**Task goal**
Below this sentence is a listing; return exactly its lines from the one with "1) \<le> \<theta>" to the one with "obtain n where", both kept, and nothing more.

_____

lemma balance_pi_candidate:
  "K * pi_candidate f A B r c i (Suc m) - l2 * pi_candidate f A B r c i m
     - q * pi_candidate f A B r c i (Suc (Suc m))
   = (if i = 0 then 0 else l1 * pi_candidate f A B r c (i - 1) (Suc m))"
proof -
  have "K * pi_candidate f A B r c i (Suc m) - l2 * pi_candidate f A B r c i m
          - q * pi_candidate f A B r c i (Suc (Suc m))
      = (\<Sum>k\<le>i. coeff f c i k * (K * geom k (Suc m) - l2 * geom k m - q * geom k (Suc (Suc m))))"
    by (simp add: pi_candidate_eq sum_distrib_left sum_subtractf sum.distrib algebra_simps)
  also have "\<dots> = (\<Sum>k\<le>i. coeff f c i k * (if k = 0 then 0 else l2 / r * geom (k - 1) (Suc m)))
       - q * r * (\<Sum>k\<le>i. coeff f c i k * (\<Sum>j<k. geom j (Suc m)))"
    unfolding balance_geom by (simp add: sum_subtractf sum_distrib_left algebra_simps)
  also have "\<dots> = (if i = 0 then 0 else l1 * pi_candidate f A B r c (i - 1) (Suc m))"
  proof (cases i)
    case (Suc i')
    have "(\<Sum>k\<le>i. coeff f c i k * (if k = 0 then 0 else l2 / r * geom (k - 1) (Suc m)))
        = (\<Sum>j\<le>i'. l2 / r * coeff f c i (Suc j) * geom j (Suc m))"
      unfolding Suc by (subst sum.atMost_Suc_shift) (simp add: mult_ac)
    moreover have "(\<Sum>k\<le>i. coeff f c i k * (\<Sum>j<k. geom j (Suc m)))
        = (\<Sum>j\<le>i'. geom j (Suc m) * (\<Sum>k=Suc j..i. coeff f c i k))"
      unfolding sum_triangle_swap Suc by (simp add: lessThan_Suc_atMost)
    moreover have "(\<Sum>j\<le>i'. l2 / r * coeff f c i (Suc j) * geom j (Suc m))
          - q * r * (\<Sum>j\<le>i'. geom j (Suc m) * (\<Sum>k=Suc j..i. coeff f c i k))
        = (\<Sum>j\<le>i'. (l2 / r * coeff f c (Suc i') (Suc j)
             - q * r * (\<Sum>k=Suc j..Suc i'. coeff f c (Suc i') k)) * geom j (Suc m))"
      unfolding Suc by (simp add: sum_distrib_left sum_subtractf algebra_simps)
    moreover have "\<dots> = (\<Sum>j\<le>i'. l1 * coeff f c i' j * geom j (Suc m))"
      by (rule sum.cong[OF refl], subst balance_coeff) auto
    moreover have "\<dots> = l1 * pi_candidate f A B r c i' (Suc m)"
      by (simp add: pi_candidate_eq sum_distrib_left mult.assoc)
    ultimately show ?thesis using Suc by simp
  qed simp
  finally show ?thesis .
qed

end

end

section \<open>Bounded solutions of the recurrence\<close>

\<comment> \<open>A solution that does not vanish identically grows like \<open>((\<bar>K\<bar> - p) / q) ^ n\<close>.\<close>
lemma bounded_recurrence_solution_eq_0:
  fixes d :: "nat \<Rightarrow> complex" and K :: complex and p q :: real
  assumes p: "p > 0" and q: "q > 0" and K: "norm K > p + q" and d0: "d 0 = 0"
    and rec: "\<And>n. K * d (Suc n) = of_real p * d n + of_real q * d (Suc (Suc n))"
    and bounded: "\<And>n. norm (d n) \<le> M"
  shows "d n = 0"
proof -
  define \<theta> where "\<theta> = (norm K - p) / q"
  have \<theta>: "\<theta> > 1" using K q by (simp add: \<theta>_def field_simps)
  have step: "\<theta> * norm (d (Suc n)) \<le> norm (d (Suc (Suc n)))"
    if "norm (d n) \<le> norm (d (Suc n))" for n
  proof -
    have "q * norm (d (Suc (Suc n))) = norm (K * d (Suc n) - of_real p * d n)"
      using rec[of n] q by (simp add: norm_mult)
    also have "\<dots> \<ge> norm K * norm (d (Suc n)) - p * norm (d n)"
      using norm_triangle_ineq2[of "K * d (Suc n)" "of_real p * d n"] p by (simp add: norm_mult)
    moreover have "p * norm (d n) \<le> p * norm (d (Suc n))"
      using that p by (simp add: mult_left_mono)
    ultimately have "q * norm (d (Suc (Suc n))) \<ge> (norm K - p) * norm (d (Suc n))"
      by (simp add: left_diff_distrib)
    then show ?thesis using q by (simp add: \<theta>_def field_simps)
  qed
  have growth: "norm (d n) \<le> norm (d (Suc n)) \<and> \<theta> ^ n * norm (d 1) \<le> norm (d (Suc n))" for n
  proof (induction n)
    case (Suc n)
    then have "\<theta> * norm (d (Suc n)) \<le> norm (d (Suc (Suc n)))" by (intro step) simp
    moreover have "norm (d (Suc n)) \<le> \<theta> * norm (d (Suc n))"
      using \<theta> by (simp add: mult_le_cancel_right1)
    moreover have "\<theta> ^ Suc n * norm (d 1) \<le> \<theta> * norm (d (Suc n))"
      using Suc \<theta> by (simp add: mult_left_mono)
    ultimately show ?case by linarith
  qed (simp add: d0)
  have "d 1 = 0"
  proof (rule ccontr)
    assume "d 1 \<noteq> 0"
    obtain n where "M / norm (d 1) < \<theta> ^ n" using real_arch_pow[OF \<theta>] by blast
    then have "M < \<theta> ^ n * norm (d 1)" using \<open>d 1 \<noteq> 0\<close> by (simp add: field_simps)
    then show False using growth[of n] bounded[of "Suc n"] by linarith
  qed
  have "d n = 0 \<and> d (Suc n) = 0" for n
  proof (induction n)
    case (Suc n)
    then show ?case using rec[of n] q by simp
  qed (use d0 \<open>d 1 = 0\<close> in simp)
  then show ?thesis by blast
qed

lemma multichoose_le_power: "multichoose m k \<le> (m + k) ^ k"
proof (cases m)
  case (Suc m')
  have "(m' + k) choose k \<le> (m' + k) ^ k" by (rule binomial_le_pow) simp
  also have "\<dots> \<le> (m + k) ^ k" using Suc by (intro power_mono) auto
  finally show ?thesis using Suc by (simp add: multichoose_def)
qed (auto simp: multichoose_def)

lemma tendsto_multichoose_power:
  fixes r :: complex
  assumes "norm r < 1"
  shows "(\<lambda>m. of_nat (multichoose m k) * r ^ m) \<longlonglongrightarrow> 0"
proof (rule Lim_null_comparison)
  have "real (multichoose m k) \<le> (real m + real k) ^ k" for m
    using multichoose_le_power[of m k] by (metis of_nat_add of_nat_le_iff of_nat_power)
  then show "\<forall>\<^sub>F m in sequentially. norm (of_nat (multichoose m k) * r ^ m) \<le> (real m + real k) ^ k * norm r ^ m"
    by (intro always_eventually allI) (simp add: norm_mult norm_power mult_right_mono)
  show "(\<lambda>m. (real m + real k) ^ k * norm r ^ m) \<longlonglongrightarrow> 0"
  proof (cases "r = 0")
    case True
    have "\<forall>\<^sub>F m in sequentially. (real m + real k) ^ k * norm r ^ m = 0"
      using eventually_gt_at_top[of 0] by (rule eventually_mono) (simp add: True)
    then show ?thesis by (rule tendsto_eventually)
  next
    case False
    then show ?thesis using assms by real_asymp
  qed
qed

lemma tendsto_pi_candidate:
  fixes r :: complex
  assumes "norm r < 1"
  shows "(\<lambda>m. pi_candidate f A B r c i m) \<longlonglongrightarrow> 0"
  unfolding pi_candidate_def
  using tendsto_sum[of "{..i}", OF tendsto_mult_right_zero[OF tendsto_multichoose_power[OF assms]]]
  by simp

locale priority_queue_laplace = priority_queue +
  fixes \<alpha> :: complex
  assumes c_pos: "c \<ge> 1" and Re_\<alpha>_pos: "Re \<alpha> > 0"
begin

abbreviation "\<pi> x \<equiv> piLT l1 l2 m1 m2 c x \<alpha>"
abbreviation "K \<equiv> \<alpha> + of_real (l1 + l2 + real c * m2)"

lemma service_pos: "real c * m2 > 0"
  using c_pos m2_pos by simp

lemma Re_K_gt: "Re K > l2 + real c * m2"
  using Re_\<alpha>_pos l1_pos by simp

lemma r2_eq_small_root: "r2 l1 l2 m2 c \<alpha> = small_root l2 (real c * m2) K"
proof -
  have "phi2 l1 l2 m2 c \<alpha> = (K - csqrt (K\<^sup>2 - of_real (4 * l2 * (real c * m2)))) / of_real (2 * l2)"
    unfolding phi2_def phiBP_def by (simp add: algebra_simps)
  then show ?thesis
    using l2_pos m2_pos c_pos by (simp add: r2_def rho2_def small_root_def field_simps)
qed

_____

**Result of this task**
    moreover have "\<theta> ^ Suc n * norm (d 1) \<le> \<theta> * norm (d (Suc n))"
      using Suc \<theta> by (simp add: mult_left_mono)
    ultimately show ?case by linarith
  qed (simp add: d0)
  have "d 1 = 0"
  proof (rule ccontr)
    assume "d 1 \<noteq> 0"
    obtain n where "M / norm (d 1) < \<theta> ^ n" using real_arch_pow[OF \<theta>] by blast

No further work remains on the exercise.